LIFE improves Natura knowhow for managing marine ecosystems

Source: DG Environment, EC

Europe’s marine environment is full of life and the subsea world provides us with many important ecosystem services. Nature protection measures covering this key natural resource remain somewhat in their infancy, but LIFE is involved in charting a course to help Member States put in place management actions for conserving our marine species.

Natura 2000 is now well established as a core component of EU nature conservation policy and LIFE has successfully helped to nurture the Natura network’s development over the last two decades. Consequently, an increasing array of the European biodiversity which relies on terrestrial and freshwater ecosystems in Natura areas now enjoy generally more positive prospects. This can often be attributed to the improved knowhow that has been built up about these land, lake and river habitats, as well as their species and associated conservation requirements.

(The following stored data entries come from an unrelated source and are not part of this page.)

(* Let $\Phi$ be a dictionary with coherence $\mu$ and Babel function $\mu_1$, let $m\ge1$ with $m<\tfrac12(\mu^{-1}+1)$, and let $y=\Phi x^*$ be an $m$-sparse signal with $\|x^*\|_0\le m$. Let $\beta>0$ with $\|x^*\|_1<\beta$. Then there exists an integer $K$ such that for all iterations $k\ge K$ of the Frank-Wolfe algorithm for Problem (P$_\beta$), $$\|r_{k+1}\|_2^2\le(1-\theta)\,\|r_k\|_2^2,\qquad \theta=\frac{1}{16}\cdot\frac{1-\mu_1(m-1)}{m}\cdot\Big(1-\frac{\|x^*\|_1}{\beta}\Big)^2,$$ and $0<\theta\le1$.
   Context: A dictionary is a matrix $\Phi=[\varphi_1,\dots,\varphi_n]\in\mathbb{R}^{d\times n}$ whose columns (atoms) satisfy $\|\varphi_i\|_2=1$. Its coherence is $\mu=\max_{j\neq k}|\langle\varphi_j,\varphi_k\rangle|$, and its Babel function is $\mu_1(p)=\max_{|\Lambda|=p}\max_{i\notin\Lambda}\sum_{j\in\Lambda}|\langle\varphi_i,\varphi_j\rangle|$ for $p\ge1$, with $\mu_1(0)=0$. A signal $y\in\mathbb{R}^d$ is $m$-sparse if $y=\Phi x^*$ for some $x^*\in\mathbb{R}^n$ with at most $m$ nonzero entries; when $m<\tfrac12(\mu^{-1}+1)$ such an $x^*$ is unique. Problem (P$_\beta$): minimize $f(x)=\tfrac12\|y-\Phi x\|_2^2$ over $B_1(\beta)=\{x\in\mathbb{R}^n:\|x\|_1\le\beta\}$. Frank-Wolfe algorithm for (P$_\beta$): set $x_0=0$. For $k=0,1,2,\dots$: let $r_k=y-\Phi x_k$ (the residual); choose $i_k\in\arg\max_{i}|\langle\varphi_i,r_k\rangle|$ (any maximizer); set $s_k=\operatorname{sign}(\langle\varphi_{i_k},r_k\rangle)\,\beta\, e_{i_k}$ ($e_i$ the canonical basis vectors, $\operatorname{sign}(0)\in\{\pm1\}$ arbitrary); choose $\gamma_k\in\arg\min_{\gamma\in[0,1]}\|y-\Phi(x_k+\gamma(s_k-x_k))\|_2^2$; set $x_{k+1}=x_k+\gamma_k(s_k-x_k)$. *)

theory Defs
  imports "HOL-Analysis.Analysis"
begin

definition atom :: "real^'n^'d \<Rightarrow> 'n \<Rightarrow> real^'d" where
  "atom Phi i = column i Phi"

definition is_dictionary :: "real^'n^'d \<Rightarrow> bool" where
  "is_dictionary Phi \<longleftrightarrow> (\<forall>i. norm (atom Phi i) = 1)"

text \<open>Coherence: max over j \<noteq> k of |<phi_j, phi_k>| (0 if there is only one atom).\<close>
definition coherence :: "real^'n^'d \<Rightarrow> real" where
  "coherence Phi = Max ({0} \<union> {\<bar>atom Phi j \<bullet> atom Phi k\<bar> | j k. j \<noteq> k})"

text \<open>Babel function; mu_1(0) = 0, and 0 when no admissible (Lambda, i) exists.\<close>
definition babel :: "real^'n^'d \<Rightarrow> nat \<Rightarrow> real" where
  "babel Phi p = (if p = 0 then 0 else
     Max ({0} \<union> {\<Sum>j\<in>L. \<bar>atom Phi i \<bullet> atom Phi j\<bar> | L i. card L = p \<and> i \<notin> L}))"

definition l1norm :: "real^'n \<Rightarrow> real" where
  "l1norm x = (\<Sum>i\<in>UNIV. \<bar>x $ i\<bar>)"

definition l0norm :: "real^'n \<Rightarrow> nat" where
  "l0norm x = card {i. x $ i \<noteq> 0}"

definition residual :: "real^'n^'d \<Rightarrow> real^'d \<Rightarrow> real^'n \<Rightarrow> real^'d" where
  "residual Phi y x = y - Phi *v x"

text \<open>xs is a (any) run of the Frank-Wolfe algorithm for problem (P_beta):
  every admissible choice of maximizing index, sign and step size is allowed.\<close>
definition fw_run :: "real^'n^'d \<Rightarrow> real^'d \<Rightarrow> real \<Rightarrow> (nat \<Rightarrow> real^'n) \<Rightarrow> bool" where
  "fw_run Phi y beta xs \<longleftrightarrow> xs 0 = 0 \<and>
     (\<forall>k. \<exists>i sg gam.
        (\<forall>j. \<bar>atom Phi j \<bullet> residual Phi y (xs k)\<bar> \<le> \<bar>atom Phi i \<bullet> residual Phi y (xs k)\<bar>) \<and>
        sg \<in> {-1, 1} \<and>
        (atom Phi i \<bullet> residual Phi y (xs k) \<noteq> 0 \<longrightarrow> sg = sgn (atom Phi i \<bullet> residual Phi y (xs k))) \<and>
        (let s = (sg * beta) *\<^sub>R axis i 1 in
          gam \<in> {0..1} \<and>
          (\<forall>g\<in>{0..1}. (norm (y - Phi *v (xs k + gam *\<^sub>R (s - xs k))))\<^sup>2
                        \<le> (norm (y - Phi *v (xs k + g *\<^sub>R (s - xs k))))\<^sup>2) \<and>
          xs (Suc k) = xs k + gam *\<^sub>R (s - xs k)))"

end

(* As long as the residual r = y - Phi x is nonzero, every iterate x lies in B_1(beta) and
   is supported in S = supp x*, so r = Phi (x* - x) with x* - x supported in S. Under
   (2m - 1) mu < 1 the greedy atom phi_i of such a residual lies in S (the coherence form of
   Tropp's exact recovery condition), which keeps the next iterate supported in S, and the
   same estimates give ||r||^2 <= 2m <phi_i, r>^2. The Frank-Wolfe gap <r, Phi (s - x)> is at
   least (beta - ||x*||_1) |<phi_i, r>|, and the direction Phi (s - x) has norm at most
   2 beta, so exact line search removes the fraction (1 - ||x*||_1 / beta)^2 / (8m) of ||r||^2.
   This dominates theta, since the Babel term only lowers it; hence K = 0 works. *)

theory Submission
  imports Defs
begin

definition vec_support :: "real^'n \<Rightarrow> 'n set" where
  "vec_support x = {i. x $ i \<noteq> 0}"

lemma l0norm_eq_card_vec_support: "l0norm x = card (vec_support x)"
  by (simp add: l0norm_def vec_support_def)

lemma vec_support_diff_subset: "vec_support (x - z) \<subseteq> vec_support x \<union> vec_support z"
  by (auto simp: vec_support_def)

lemma vec_support_convex_combination_subset:
  "vec_support (x + c *\<^sub>R (s - x)) \<subseteq> vec_support x \<union> vec_support s"
  by (auto simp: vec_support_def)

lemma ex_abs_component_max: "\<exists>l. \<forall>j. \<bar>(x::real^'n) $ j\<bar> \<le> \<bar>x $ l\<bar>"
proof -
  obtain l where "\<bar>x $ l\<bar> = Max (range (\<lambda>j. \<bar>x $ j\<bar>))"
    by (metis (mono_tags, lifting) Max_in finite UNIV_not_empty finite_imageI image_is_empty imageE)
  then show ?thesis by (metis Max_ge finite rangeI finite_imageI)
qed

Less however is still known about Europe’s marine ecosystems, and Natura’s reach out into our seas has to date not been as conclusive as it has been onshore. LIFE is involved in developing techniques to address this conservation challenge and excellent results in Natura’s marine domain are being achieved by Spain’s INDEMARES project (LIFE07 NAT/E/000732).

Ignacio Torres is the INDEMARES project manager and he describes why such marine LIFE activity is valuable. “In spite of this being the 21st Century, our marine ecosystems remain largely unknown. Only around one percent of the oceans and seas have been properly investigated so we do not know enough about how they function. Nevertheless, due to the way that these natural resources are used, it is important to better understand our marine ecosystems so that we can safeguard them and the ecosystem services that they provide for us.”

“This is why we set up the INDEMARES project here in Spain because our country has a very long coastline and we are one of the richest European nations in terms of marine biodiversity. In addition, a high percentage of the Spanish economy is dependent on our coasts so this is another reason why it is vital that we find ways to look after our marine environment in an informed way.”